## THE PROBLEM
Please repeat, unchanged, the lines at the top of the listing below, ending with the one that has "E w lam \<alpha>".
------------------------------------------------------------
definition sharp ::
  "'v set \<Rightarrow> ('v::finite \<times> 'v) set \<Rightarrow> ('v \<times> 'v \<Rightarrow> real) \<Rightarrow> ('v \<times> 'v \<Rightarrow> real) \<Rightarrow> bool" where
  "sharp Vmax E w lam =
     (\<forall>B x. is_basis_valuation_of Vmax E w lam B x \<longrightarrow>
        card {e \<in> E. tight w lam e x} = CARD('v))"

definition offset ::
  "'v set \<Rightarrow> ('v \<times> 'v \<Rightarrow> real) \<Rightarrow> ('v \<times> 'v \<Rightarrow> real) \<Rightarrow> ('v \<Rightarrow> real) \<Rightarrow> 'v \<times> 'v \<Rightarrow> real" where
  "offset Vmax w lam x e =
     (if fst e \<in> Vmax then x (fst e) - (w e + lam e * x (snd e))
      else (w e + lam e * x (snd e)) - x (fst e))"

definition joint_strategy :: "('v \<times> 'v) set \<Rightarrow> ('v \<Rightarrow> 'v) \<Rightarrow> bool" where
  "joint_strategy E \<sigma> = (\<forall>v. (v, \<sigma> v) \<in> E)"

definition f_adj ::
  "'v set \<Rightarrow> ('v::finite \<times> 'v \<Rightarrow> real) \<Rightarrow> ('v \<times> 'v \<Rightarrow> real) \<Rightarrow> ('v \<times> 'v \<Rightarrow> real)
     \<Rightarrow> ('v \<Rightarrow> 'v) \<Rightarrow> ('v \<Rightarrow> real) \<Rightarrow> real" where
  "f_adj Vmax w lam \<alpha> \<sigma> x = (\<Sum>v\<in>UNIV. \<alpha> (v, \<sigma> v) * offset Vmax w lam x (v, \<sigma> v))"

definition improving ::
  "'v set \<Rightarrow> ('v::finite \<times> 'v) set \<Rightarrow> ('v \<times> 'v \<Rightarrow> real) \<Rightarrow> ('v \<times> 'v \<Rightarrow> real)
     \<Rightarrow> ('v \<times> 'v \<Rightarrow> real) \<Rightarrow> bool" where
  "improving Vmax E w lam \<alpha> =
     (sharp Vmax E w lam \<and>
      (\<forall>\<sigma> B \<nu>. joint_strategy E \<sigma> \<longrightarrow> is_basis_valuation_of Vmax E w lam B \<nu> \<longrightarrow>
         (\<exists>x. solves_H Vmax E w lam x \<and> f_adj Vmax w lam \<alpha> \<sigma> x < f_adj Vmax w lam \<alpha> \<sigma> \<nu>) \<longrightarrow>
         (\<exists>e\<in>B. \<exists>e'\<in>E - B. \<exists>\<nu>'.
            is_basis_valuation_of Vmax E w lam (insert e' (B - {e})) \<nu>' \<and>
            f_adj Vmax w lam \<alpha> \<sigma> \<nu>' < f_adj Vmax w lam \<alpha> \<sigma> \<nu>)))"

end

theory Submission
  imports Defs "HOL-Probability.Infinite_Product_Measure"
begin

text \<open>The sampled factors are almost surely positive, and for nonnegative factors \<open>f'\<^sub>\<sigma>\<close> is an
  affine function that is nonnegative on the polyhedron \<open>H\<close>. Sharpness says that every vertex
  of \<open>H\<close> is nondegenerate, so the simplex pivot applies: if a vertex \<open>\<nu>\<close> is not optimal, then
  some edge of the polyhedron leaving \<open>\<nu>\<close> descends. This edge cannot be an unbounded ray, since
  \<open>f'\<^sub>\<sigma>\<close> is bounded below on \<open>H\<close>, so it ends at an adjacent vertex, reached after a positive
  step by nondegeneracy, whose basis differs from that of \<open>\<nu>\<close> in exactly one inequation.\<close>

definition offset_lin :: "'v set \<Rightarrow> ('v \<times> 'v \<Rightarrow> real) \<Rightarrow> 'v \<times> 'v \<Rightarrow> ('v \<Rightarrow> real) \<Rightarrow> real" where
  "offset_lin Vmax lam e z = (if fst e \<in> Vmax then 1 else -1) * (z (fst e) - lam e * z (snd e))"

definition f_adj_lin ::
  "'v set \<Rightarrow> ('v::finite \<times> 'v \<Rightarrow> real) \<Rightarrow> ('v \<times> 'v \<Rightarrow> real) \<Rightarrow> ('v \<Rightarrow> 'v) \<Rightarrow> ('v \<Rightarrow> real) \<Rightarrow> real"
where
  "f_adj_lin Vmax lam \<alpha> \<sigma> z = (\<Sum>v\<in>UNIV. \<alpha> (v, \<sigma> v) * offset_lin Vmax lam (v, \<sigma> v) z)"

definition edge_dir ::
  "'v set \<Rightarrow> ('v \<times> 'v \<Rightarrow> real) \<Rightarrow> ('v \<times> 'v) set \<Rightarrow> 'v \<times> 'v \<Rightarrow> 'v \<Rightarrow> real" where
  "edge_dir Vmax lam B b = (SOME z. \<forall>c\<in>B. offset_lin Vmax lam c z = (if c = b then 1 else 0))"

lemma offset_add_scaled:
  "offset Vmax w lam (\<lambda>u. x u + t * z u) e = offset Vmax w lam x e + t * offset_lin Vmax lam e z"
  by (auto simp: offset_def offset_lin_def algebra_simps)

lemma offset_lin_scale:
  "offset_lin Vmax lam e (\<lambda>u. c * z u) = c * offset_lin Vmax lam e z"
  by (auto simp: offset_lin_def algebra_simps)

lemma offset_lin_sum:
  "offset_lin Vmax lam e (\<lambda>u. \<Sum>i\<in>I. c i * z i u) = (\<Sum>i\<in>I. c i * offset_lin Vmax lam e (z i))"
  by (auto simp: offset_lin_def algebra_simps sum_distrib_left sum_subtractf)

lemma offset_lin_diff_offset:
  "offset_lin Vmax lam e (\<lambda>u. x u - y u) = offset Vmax w lam x e - offset Vmax w lam y e"
  by (auto simp: offset_def offset_lin_def algebra_simps)

lemma offset_lin_diff:
  "offset_lin Vmax lam e (\<lambda>u. x u - y u) = offset_lin Vmax lam e x - offset_lin Vmax lam e y"
  by (auto simp: offset_lin_def algebra_simps)

lemma ineq_holds_iff_offset_nonneg: "ineq_holds Vmax w lam e x \<longleftrightarrow> 0 \<le> offset Vmax w lam x e"
  by (auto simp: ineq_holds_def offset_def)

lemma tight_iff_offset_eq_0: "tight w lam e x \<longleftrightarrow> offset Vmax w lam x e = 0"
  by (auto simp: tight_def offset_def)

lemma solves_H_iff_offset_nonneg:
  "solves_H Vmax E w lam x \<longleftrightarrow> (\<forall>e\<in>E. 0 \<le> offset Vmax w lam x e)"
  by (simp add: solves_H_def ineq_holds_iff_offset_nonneg)

lemma f_adj_add_scaled:
  "f_adj Vmax w lam \<alpha> \<sigma> (\<lambda>u. x u + t * z u) = f_adj Vmax w lam \<alpha> \<sigma> x + t * f_adj_lin Vmax lam \<alpha> \<sigma> z"
  by (simp add: f_adj_def f_adj_lin_def offset_add_scaled algebra_simps sum.distrib sum_distrib_left)

lemma f_adj_lin_sum:
  "f_adj_lin Vmax lam \<alpha> \<sigma> (\<lambda>u. \<Sum>i\<in>I. c i * z i u) = (\<Sum>i\<in>I. c i * f_adj_lin Vmax lam \<alpha> \<sigma> (z i))"
  unfolding f_adj_lin_def offset_lin_sum
  by (simp add: sum_distrib_left sum.swap[of _ UNIV] mult_ac)

lemma f_adj_nonneg:
  assumes "joint_strategy E \<sigma>" and "\<forall>e\<in>E. 0 \<le> \<alpha> e" and "solves_H Vmax E w lam x"
  shows "0 \<le> f_adj Vmax w lam \<alpha> \<sigma> x"
  using assms unfolding f_adj_def joint_strategy_def solves_H_iff_offset_nonneg
  by (intro sum_nonneg mult_nonneg_nonneg) auto

lemma linear_functionals_surj:
  fixes \<phi> :: "'i \<Rightarrow> real^'n \<Rightarrow> real"
  assumes card: "card B = CARD('n)" and lin: "\<And>b. b \<in> B \<Longrightarrow> linear (\<phi> b)"
    and kernel: "\<And>z. \<forall>b\<in>B. \<phi> b z = 0 \<Longrightarrow> z = 0"
  shows "\<exists>z. \<forall>b\<in>B. \<phi> b z = c b"
proof -
  have "finite B"
    by (rule card_ge_0_finite) (simp add: card)
  then obtain h where h: "bij_betw h (UNIV :: 'n set) B"
    using card finite_same_card_bij[of "UNIV :: 'n set" B] by auto
  define L where "L z = (\<chi> u. \<phi> (h u) z)" for z
  have "linear L"
    using lin h unfolding L_def linear_iff bij_betw_def
    by (auto simp: vec_eq_iff linear_add linear_scale)
  moreover have "inj L"
  proof (rule injI)
    fix z z' assume "L z = L z'"
    with lin h have "\<forall>b\<in>B. \<phi> b (z - z') = 0"
      by (auto simp: L_def vec_eq_iff bij_betw_def linear_diff)
    then show "z = z'"
      using kernel by fastforce
  qed
  ultimately obtain z where "L z = (\<chi> u. c (h u))"
    using linear_injective_imp_surjective by (metis surjD)
  then have "\<forall>u. \<phi> (h u) z = c (h u)"
    by (simp add: L_def vec_eq_iff)
  then show ?thesis
    using h by (metis bij_betw_iff_bijections)
qed

lemma basis_sol_tight:
  assumes "is_basis E w lam B" and "e \<in> B"
  shows "tight w lam e (basis_sol w lam B)"
  using assms theI'[of "\<lambda>x. \<forall>e\<in>B. tight w lam e x"]
  by (simp add: is_basis_def basis_sol_def)

lemma basis_sol_unique:
  assumes "is_basis E w lam B" and "\<forall>e\<in>B. tight w lam e y"
  shows "y = basis_sol w lam B"
  using assms the1_equality[of "\<lambda>x. \<forall>e\<in>B. tight w lam e x" y]
  by (simp add: is_basis_def basis_sol_def)

lemma basis_kernel_trivial:
  assumes basis: "is_basis E w lam B" and z: "\<forall>b\<in>B. offset_lin Vmax lam b z = 0"
  shows "z = (\<lambda>_. 0)"
proof -
  let ?x = "basis_sol w lam B"
  have "tight w lam b (\<lambda>u. ?x u + z u)" if "b \<in> B" for b
    using basis_sol_tight[OF basis that] z that offset_add_scaled[of Vmax w lam ?x 1 z b]
    by (simp add: tight_iff_offset_eq_0[where Vmax = Vmax])
  then have "(\<lambda>u. ?x u + z u) = ?x"
    using basis basis_sol_unique by blast
  then show ?thesis
    by (simp add: fun_eq_iff)
qed

lemma offset_lin_surj_on_basis:
  assumes "is_basis E w lam B"
  shows "\<exists>z. \<forall>b\<in>B. offset_lin Vmax lam b z = c b"
proof -
  have "\<exists>z. \<forall>b\<in>B. offset_lin Vmax lam b (vec_nth z) = c b"
  proof (rule linear_functionals_surj)
    show "card B = CARD('a)"
      using assms by (simp add: is_basis_def)
    show "linear (\<lambda>z. offset_lin Vmax lam b (vec_nth z))" for b
      unfolding linear_iff offset_lin_def by (auto simp: algebra_simps)
    show "z = 0" if "\<forall>b\<in>B. offset_lin Vmax lam b (vec_nth z) = 0" for z
      using basis_kernel_trivial[OF assms that] by (simp add: vec_eq_iff fun_eq_iff)
  qed
  then show ?thesis
    by blast
qed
------------------------------------------------------------
## RESULT
definition sharp ::
  "'v set \<Rightarrow> ('v::finite \<times> 'v) set \<Rightarrow> ('v \<times> 'v \<Rightarrow> real) \<Rightarrow> ('v \<times> 'v \<Rightarrow> real) \<Rightarrow> bool" where
  "sharp Vmax E w lam =
     (\<forall>B x. is_basis_valuation_of Vmax E w lam B x \<longrightarrow>
        card {e \<in> E. tight w lam e x} = CARD('v))"

definition offset ::
  "'v set \<Rightarrow> ('v \<times> 'v \<Rightarrow> real) \<Rightarrow> ('v \<times> 'v \<Rightarrow> real) \<Rightarrow> ('v \<Rightarrow> real) \<Rightarrow> 'v \<times> 'v \<Rightarrow> real" where
  "offset Vmax w lam x e =
     (if fst e \<in> Vmax then x (fst e) - (w e + lam e * x (snd e))
      else (w e + lam e * x (snd e)) - x (fst e))"

definition joint_strategy :: "('v \<times> 'v) set \<Rightarrow> ('v \<Rightarrow> 'v) \<Rightarrow> bool" where
  "joint_strategy E \<sigma> = (\<forall>v. (v, \<sigma> v) \<in> E)"

definition f_adj ::
  "'v set \<Rightarrow> ('v::finite \<times> 'v \<Rightarrow> real) \<Rightarrow> ('v \<times> 'v \<Rightarrow> real) \<Rightarrow> ('v \<times> 'v \<Rightarrow> real)
     \<Rightarrow> ('v \<Rightarrow> 'v) \<Rightarrow> ('v \<Rightarrow> real) \<Rightarrow> real" where
  "f_adj Vmax w lam \<alpha> \<sigma> x = (\<Sum>v\<in>UNIV. \<alpha> (v, \<sigma> v) * offset Vmax w lam x (v, \<sigma> v))"

definition improving ::
  "'v set \<Rightarrow> ('v::finite \<times> 'v) set \<Rightarrow> ('v \<times> 'v \<Rightarrow> real) \<Rightarrow> ('v \<times> 'v \<Rightarrow> real)
     \<Rightarrow> ('v \<times> 'v \<Rightarrow> real) \<Rightarrow> bool" where
  "improving Vmax E w lam \<alpha> =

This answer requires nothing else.